An appropriate response, the study concluded, "will require fundamentally transforming the workplace culture of general market advertising agencies." Specifically, agencies must root out the stereotypes that make race, not ability, determine employment potential; halt the "buddy system," in which personal relationships and social comfort often count for more than job performance; and eliminate the assumptions that racial minorities can't succeed in non-ethnic markets.
The Madison Avenue Project is led by the NAACP and attorney Cyrus Mehri, of Mehri & Skalet, PLLC, who has won several multi-million dollar discrimination settlements against such corporations as The Coca-Cola Company, Morgan Stanley and Texaco Inc.; with the cooperation of Sanford Moore, a former advertising executive, current New York City talk radio co-host, and longtime advocate for racial parity in advertising.
"Today we are sending a message to the advertising industry: this conduct is unacceptable and must change," Mehri said today.
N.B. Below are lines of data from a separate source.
lemma has_derivative_exp_nth:
  fixes u :: "real^'n"
  shows "((\<lambda>w. exp (w $ i)) has_derivative (\<lambda>h. h $ i * exp (u $ i))) (at u)"
  using DERIV_compose_FDERIV[OF DERIV_exp bounded_linear_imp_has_derivative[OF bounded_linear_vec_nth]] .

lemma has_derivative_len_sq_exp:
  fixes u :: "real^'n"
  shows "((\<lambda>w. len_sq (exp (w$i)) (exp (w$j)) c) has_derivative
     (\<lambda>h. 2 * exp (u$i) * (exp (u$i) + exp (u$j) * c) * h$i
          + 2 * exp (u$j) * (exp (u$j) + exp (u$i) * c) * h$j)) (at u)"
  unfolding len_sq_def power2_eq_square
  by (rule has_derivative_eq_rhs,
      (rule has_derivative_add has_derivative_mult has_derivative_const has_derivative_exp_nth)+)
    (simp add: fun_eq_iff algebra_simps)

lemma law_of_cosines_derivative_eq:
  fixes x y z a b c hx hy hz S :: real
  defines "A \<equiv> len_sq x y c" and "B \<equiv> len_sq x z b" and "C \<equiv> len_sq y z a"
    and "dA \<equiv> 2*x*(x + y*c)*hx + 2*y*(y + x*c)*hy"
    and "dB \<equiv> 2*x*(x + z*b)*hx + 2*z*(z + x*b)*hz"
    and "dC \<equiv> 2*y*(y + z*a)*hy + 2*z*(z + y*a)*hz"
    and "P \<equiv> x*y*(x*y*(1-c\<^sup>2) + z*(x*(a+b*c) + y*(b+a*c)))"
    and "Q \<equiv> x*z*(x*z*(1-b\<^sup>2) + y*(x*(a+c*b) + z*(c+a*b)))"
  assumes "A \<noteq> 0" "B \<noteq> 0" "S \<noteq> 0"
  shows "- (dA + dB - dC - (A + B - C)/2 * (dA/A + dB/B)) / (2*S) = P/(A*S) * (hy - hx) + Q/(B*S) * (hz - hx)"
proof -
  have "(A + B - C) * (B*dA + A*dB) - 2*A*B*(dA + dB - dC) = 4 * (P*B*(hy - hx) + Q*A*(hz - hx))"
    unfolding A_def B_def C_def dA_def dB_def dC_def P_def Q_def len_sq_def by algebra
  moreover have "- (dA + dB - dC - (A + B - C)/2 * (dA/A + dB/B)) / (2*S) =
      ((A + B - C) * (B*dA + A*dB) - 2*A*B*(dA + dB - dC)) / (4*A*B*S)"
    using assms(9-11) by (simp add: field_simps)
  moreover have "P/(A*S) * (hy - hx) + Q/(B*S) * (hz - hx) = 4 * (P*B*(hy - hx) + Q*A*(hz - hx)) / (4*A*B*S)"
    using assms(9-11) by (simp add: field_simps)
  ultimately show ?thesis by simp
qed

lemma has_derivative_tri_angle_exp:
  fixes u :: "real^'n" and i j k :: 'n
  defines "x \<equiv> exp (u$i)" and "y \<equiv> exp (u$j)" and "z \<equiv> exp (u$k)"
  assumes adm: "admissible_cosines a b c"
  shows "((\<lambda>w. tri_angle (exp (w$i)) (exp (w$j)) (exp (w$k)) a b c) has_derivative
          (\<lambda>h. angle_weight x y z a b c * (h$j - h$i) + angle_weight x z y a c b * (h$k - h$i))) (at u)"
proof -
  have pos: "0 < x" "0 < y" "0 < z"
    unfolding x_def y_def z_def by simp_all
  have lens: "0 < len_sq x y c" "0 < len_sq x z b"
    using pos adm len_sq_pos unfolding admissible_cosines_def by simp_all
  have area: "0 < four_area_sq x y z a b c"
    using four_area_sq_pos[OF pos adm] .
  then have disc: "0 < 4 * len_sq x y c * len_sq x z b - (len_sq x y c + len_sq x z b - len_sq y z a)\<^sup>2"
    unfolding four_area_sq_eq by simp
  have nonzero: "len_sq x y c \<noteq> 0" "len_sq x z b \<noteq> 0" "sqrt (four_area_sq x y z a b c) \<noteq> 0"
    using lens area by simp_all
  have sqrt_disc: "sqrt (4 * four_area_sq x y z a b c) = 2 * sqrt (four_area_sq x y z a b c)"
    by (simp add: real_sqrt_mult)
  note deriv = has_derivative_arccos_law_of_cosines[OF
      has_derivative_len_sq_exp[of i j c u] has_derivative_len_sq_exp[of i k b u]
      has_derivative_len_sq_exp[of j k a u], folded x_def y_def z_def, OF lens disc]
  show ?thesis
    unfolding tri_angle_def
    by (rule has_derivative_eq_rhs[OF deriv], rule ext,
        unfold four_area_sq_eq sqrt_disc law_of_cosines_derivative_eq[OF nonzero])
      (simp add: angle_weight_def four_area_sq_swap)
qed

lemma nxt_less_3: "c < 3 \<Longrightarrow> nxt c < 3"
  unfolding nxt_def by simp

lemma nxt_nxt_nxt: "c < 3 \<Longrightarrow> nxt (nxt (nxt c)) = c"
  unfolding nxt_def by (cases c; cases "c - 1"; auto)

lemma nxt_simps [simp]: "nxt 0 = 1" "nxt 1 = 2" "nxt (Suc 0) = 2" "nxt 2 = 0"
  unfolding nxt_def by simp_all

lemma triangulation_constant_on_faces:
  fixes F :: "'f set" and vert :: "'f \<Rightarrow> nat \<Rightarrow> 'v" and edge :: "'f \<Rightarrow> nat \<Rightarrow> 'e"
  assumes tri: "triangulation F vert edge"
    and face_const: "\<forall>f\<in>F. \<forall>c<3. g (vert f c) = g (vert f 0)"
  shows "g v = g w"
proof -
  have adjacent: "g (vert f 0) = g (vert f' 0)" if adj: "(f, f') \<in> face_adj F edge" for f f'
  proof -
    obtain c d where cd: "f \<in> F" "f' \<in> F" "c < 3" "d < 3" "edge f c = edge f' d"
      using adj unfolding face_adj_def by blast
    show ?thesis
    proof (cases "(f, c) = (f', d)")
      case False
      then have "vert f c = vert f' (nxt d)"
        using tri cd unfolding triangulation_def by blast
      then show ?thesis
        using face_const cd nxt_less_3[OF cd(4)] by metis
    qed simp
  qed
  have connected: "g (vert f 0) = g (vert f' 0)" if "(f, f') \<in> (face_adj F edge)\<^sup>*" for f f'
    using that by (induction rule: rtrancl_induct) (simp_all add: adjacent)
  have "g v = g (vert f0 0)" if "f0 \<in> F" for v f0
  proof -
    obtain f c where "f \<in> F" "c < 3" "vert f c = v"
      using tri unfolding triangulation_def by blast
    moreover have "(f, f0) \<in> (face_adj F edge)\<^sup>*"
      using tri \<open>f \<in> F\<close> \<open>f0 \<in> F\<close> unfolding triangulation_def by blast
    ultimately show ?thesis
      using face_const connected by metis
  qed
  moreover obtain f0 where "f0 \<in> F"
    using tri unfolding triangulation_def by blast
  ultimately show ?thesis
    by metis
qed

locale circle_pattern =
  fixes F :: "'f set" and vert :: "'f \<Rightarrow> nat \<Rightarrow> 'v::finite" and edge :: "'f \<Rightarrow> nat \<Rightarrow> 'e"
    and \<Theta> :: "'e \<Rightarrow> real"
  assumes finite_faces: "finite F"
    and angle_range: "\<forall>e\<in>edge_set F edge. 0 \<le> \<Theta> e \<and> \<Theta> e < pi"
    and C1: "C1 F edge \<Theta>"
begin

definition cosine :: "'f \<Rightarrow> nat \<Rightarrow> real" where
  "cosine f s = cos (\<Theta> (edge f s))"

definition side_weight :: "real^'v \<Rightarrow> 'f \<Rightarrow> nat \<Rightarrow> real" where
  "side_weight u f s =
     angle_weight (exp (u $ vert f s)) (exp (u $ vert f (nxt s))) (exp (u $ vert f (nxt (nxt s))))
       (cosine f (nxt s)) (cosine f (nxt (nxt s))) (cosine f s)"

definition corner_angle_deriv :: "real^'v \<Rightarrow> 'f \<Rightarrow> nat \<Rightarrow> real^'v \<Rightarrow> real" where
  "corner_angle_deriv u f c h =
     side_weight u f c * (h $ vert f (nxt c) - h $ vert f c)
     + side_weight u f (nxt (nxt c)) * (h $ vert f (nxt (nxt c)) - h $ vert f c)"

definition curvature_deriv :: "real^'v \<Rightarrow> real^'v \<Rightarrow> real^'v" where
  "curvature_deriv u h = (\<chi> v. - (\<Sum>(f, c)\<in>corners_at F vert v. corner_angle_deriv u f c h))"

definition dirichlet_form :: "real^'v \<Rightarrow> real^'v \<Rightarrow> real^'v \<Rightarrow> real" where
  "dirichlet_form u x y =
     (\<Sum>f\<in>F. \<Sum>s<3. side_weight u f s * (x $ vert f s - x $ vert f (nxt s)) * (y $ vert f s - y $ vert f (nxt s)))"

lemma cosine_bounds:
  assumes "f \<in> F" "s < 3"
  shows "-1 < cosine f s" "cosine f s \<le> 1"
proof -
  have "edge f s \<in> edge_set F edge"
    unfolding edge_set_def using assms by blast
  then have "0 \<le> \<Theta> (edge f s)" "\<Theta> (edge f s) < pi"
    using angle_range by auto
  then have "cos pi < cos (\<Theta> (edge f s))"
    by (intro cos_monotone_0_pi) auto
  then show "-1 < cosine f s"
    unfolding cosine_def by simp
  show "cosine f s \<le> 1"
    unfolding cosine_def by simp
qed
"I have witnessed first-hand the mendacity and machinations that have kept African-Americans invisible on and to Madison Avenue for over four decades," Moore said. "Madison Avenue has created and perpetuated a 'separate and unequal' marketing paradigm which is reflected in their advertising, their workforce and among their executive ranks. Even though our dollars provide the profits, the industry is still afraid of the dark."
Angela Ciccolo announced, on behalf of the NAACP, that "we are going to circulate the report not just to our units to inform our members, but also to Fortune 100 companies to urge them to stop aiding and abetting widespread discrimination by this industry."
The study, entitled "Research Perspectives on Race and Employment in the Advertising Industry," was conducted by a leading research firm, Bendick and Egan Economic Consultants.